Now the Biden administration has heaped insult upon injury by actively supporting a new UNSC statement expressing members’ “deep concern and dismay” over Israel’s recent announcement regarding the construction of more homes in “Occupied Palestinian Territory.” It also reaffirmed its “unwavering commitment” to a “two-state solution,” claiming that Israeli settlement activity endangers its viability. 

While such U.N. resolutions are not legally binding, they are certainly intended to cast an aura of pariah status over the Jewish state. More importantly, these resolutions reflect a profound misreading of the desires of both Israeli and Palestinian publics. Thus, these mandates are also condescending to both parties—assuming the U.S. patriarch knows better than the Middle East children.

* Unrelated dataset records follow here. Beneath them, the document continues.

lemma interval_lattice_iso_order_ideals:
  assumes st: "tree_prefix s t"
  obtains f :: "'a tree \<Rightarrow> (shadow \<times> nat) list set" where
    "bij_betw f {u. tree_prefix s u \<and> tree_prefix u t}
       (order_ideals (Ps_carrier (Sh (child_shadows (tree_cut s t)))) prefix)"
    and "\<And>x y. tree_prefix s x \<Longrightarrow> tree_prefix x t \<Longrightarrow> tree_prefix s y \<Longrightarrow> tree_prefix y t \<Longrightarrow>
       (tree_prefix x y \<longleftrightarrow> f x \<subseteq> f y) \<and> f (tmeet x y) = f x \<inter> f y \<and> f (tjoin x y) = f x \<union> f y"
proof -
  define D where "D = nodes t - nodes s"
  obtain \<phi> where bij: "bij_betw \<phi> D (Ps_carrier (Sh (child_shadows (tree_cut s t))))"
    and le: "\<forall>x\<in>D. \<forall>y\<in>D. prefix (\<phi> x) (\<phi> y) \<longleftrightarrow> prefix x y"
    using prefix_iso_nodes_diff(1)[OF st] by (auto simp: prefix_iso_def D_def)
  then have inj: "inj_on \<phi> D" by (simp add: bij_betw_def)
  have ideals: "bij_betw ((`) \<phi>) (order_ideals D prefix)
      (order_ideals (Ps_carrier (Sh (child_shadows (tree_cut s t)))) prefix)"
    using bij le by (intro bij_betw_image_order_ideals) auto
  define f :: "'a tree \<Rightarrow> _" where "f = (\<lambda>u. \<phi> ` (nodes u - nodes s))"
  have "bij_betw f {u. tree_prefix s u \<and> tree_prefix u t}
      (order_ideals (Ps_carrier (Sh (child_shadows (tree_cut s t)))) prefix)"
    using bij_betw_trans[OF bij_betw_interval_order_ideals[OF st] ideals[unfolded D_def]]
    by (simp add: f_def comp_def)
  moreover have "(tree_prefix x y \<longleftrightarrow> f x \<subseteq> f y) \<and> f (tmeet x y) = f x \<inter> f y \<and> f (tjoin x y) = f x \<union> f y"
    if x: "tree_prefix s x" "tree_prefix x t" and y: "tree_prefix s y" "tree_prefix y t" for x y
  proof -
    have s: "nodes s \<subseteq> nodes x" "nodes s \<subseteq> nodes y" using x y by (auto dest: nodes_mono)
    have D: "nodes x - nodes s \<subseteq> D" "nodes y - nodes s \<subseteq> D"
      using x y by (auto simp: D_def dest: nodes_mono)
    have "tree_prefix x y \<longleftrightarrow> nodes x \<subseteq> nodes y"
      using x y nodes_mono tree_prefix_if_nodes_subset by blast
    also have "\<dots> \<longleftrightarrow> f x \<subseteq> f y"
      using s inj_on_image_subset_iff[OF inj D] by (auto simp: f_def)
    finally show ?thesis
      using nodes_tmeet[OF x(2) y(2)] nodes_tjoin[OF x(2) y(2)] inj_on_image_Int[OF inj D]
      by (auto simp: f_def Diff_Int_distrib2 Un_Diff image_Un)
  qed
  ultimately show ?thesis using that by blast
qed

theorem proposition3p10:
  fixes G :: "'a set" and ar :: "'a \<Rightarrow> nat" and s t :: "'a tree"
  assumes "finite G"
    and "\<forall>a\<in>G. ar a \<ge> 1"
    and "gtree G ar s" and "gtree G ar t"
    and "gprefix G ar s t"
  shows "\<exists>f. bij_betw f {u. gtree G ar u \<and> gprefix G ar s u \<and> gprefix G ar u t}
                 (order_ideals (Ps_carrier (sh (diamond (tree_diff t s)))) Ps_le)
          \<and> (\<forall>x\<in>{u. gtree G ar u \<and> gprefix G ar s u \<and> gprefix G ar u t}.
             \<forall>y\<in>{u. gtree G ar u \<and> gprefix G ar s u \<and> gprefix G ar u t}.
               (gprefix G ar x y \<longleftrightarrow> f x \<subseteq> f y)
             \<and> f (tmeet x y) = f x \<inter> f y
             \<and> f (tjoin x y) = f x \<union> f y)"
proof -
  have st: "tree_prefix s t" using assms(4,5) gprefix_iff_tree_prefix by blast
  have le_iff: "gprefix G ar u v \<longleftrightarrow> tree_prefix u v" if "tree_prefix v t" for u v
    using that assms(4) gprefix_iff_tree_prefix gtree_tree_prefix by blast
  have interval: "{u. gtree G ar u \<and> gprefix G ar s u \<and> gprefix G ar u t}
      = {u. tree_prefix s u \<and> tree_prefix u t}"
    using assms(4) by (auto simp: gprefix_iff_tree_prefix[OF assms(4)] le_iff intro: gtree_tree_prefix)
  obtain f where bij: "bij_betw f {u. tree_prefix s u \<and> tree_prefix u t}
      (order_ideals (Ps_carrier (Sh (child_shadows (tree_cut s t)))) prefix)"
    and lattice: "\<And>x y. tree_prefix s x \<Longrightarrow> tree_prefix x t \<Longrightarrow> tree_prefix s y \<Longrightarrow> tree_prefix y t \<Longrightarrow>
       (tree_prefix x y \<longleftrightarrow> f x \<subseteq> f y) \<and> f (tmeet x y) = f x \<inter> f y \<and> f (tjoin x y) = f x \<union> f y"
    using interval_lattice_iso_order_ideals[OF st] by blast
  show ?thesis
    unfolding interval Ps_le_eq_prefix tree_diff_eq_tree_cut[OF st] sh_diamond
    using bij lattice le_iff by auto
qed

end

Indeed, despite the UNSC’s—and the United States’—attempt to dictate Israel’s and the Palestinians’ joint destiny, neither side supports a two-state solution. A 2022 poll shows that only 33% of Palestinians and 37% of Israeli Jews prefer two states.

What’s more, both U.N. resolutions couch their condemnations and distress in terms most Israelis—from the left to the right—would find invalid at best, and perverse at worst.

Few Israelis, for example, consider the Jewish homeland of Judea and Samaria (aka, the West Bank) to be “Palestinian territory.” Such ownership, for many legal scholars, is not supported by international law, nor has Palestinian possession ever been adjudicated or supported by a treaty. 

In fact, the very purpose of many failed Israeli-Palestinian negotiations over the last 55 years has been to determine borders of a future Palestinian entity. Israel, supported by the United States, has made a handful of generous offers of land to the Palestinians, every one of which their leadership perfunctorily refused.

In other words, there’s zero evidence the Palestinians are interested in two states. They’ve never accepted Israel’s peace overtures, and no Palestinian leaders either say or do anything to promote peace with Israel under any terms. Rather, all evidence suggests the only terms acceptable to either Hamas or Palestinian Authority dictatorships…would be Israel’s utter destruction.

Therefore, we should forgive Israel for not greeting the U.N.’s pre-emptive declaration of “Palestinian territories” warmly. No surprise that Israeli Prime Minister Benjamin Netanyahu rejected the UNSC action as “one-sided,” saying, “The statement should never have been made, and the United States should never have joined it.”  

While we’re at it, we should also remind the UNSC that Israel is not an occupying power, and that Jewish communities in Judea and Samaria do not violate international law.

According to George Mason University law professor Eugene Kontorovich, “Under international law, occupation takes place when a country takes over the sovereign territory of another country. But the West Bank was never part of Jordan, which seized it in 1949 and ethnically cleansed its entire Jewish population. Nor was it ever the site of an Arab Palestinian state.”

While the Geneva Convention prohibits forcible transfer of populations into a conquered land, this, too, applies only to sovereign territory. 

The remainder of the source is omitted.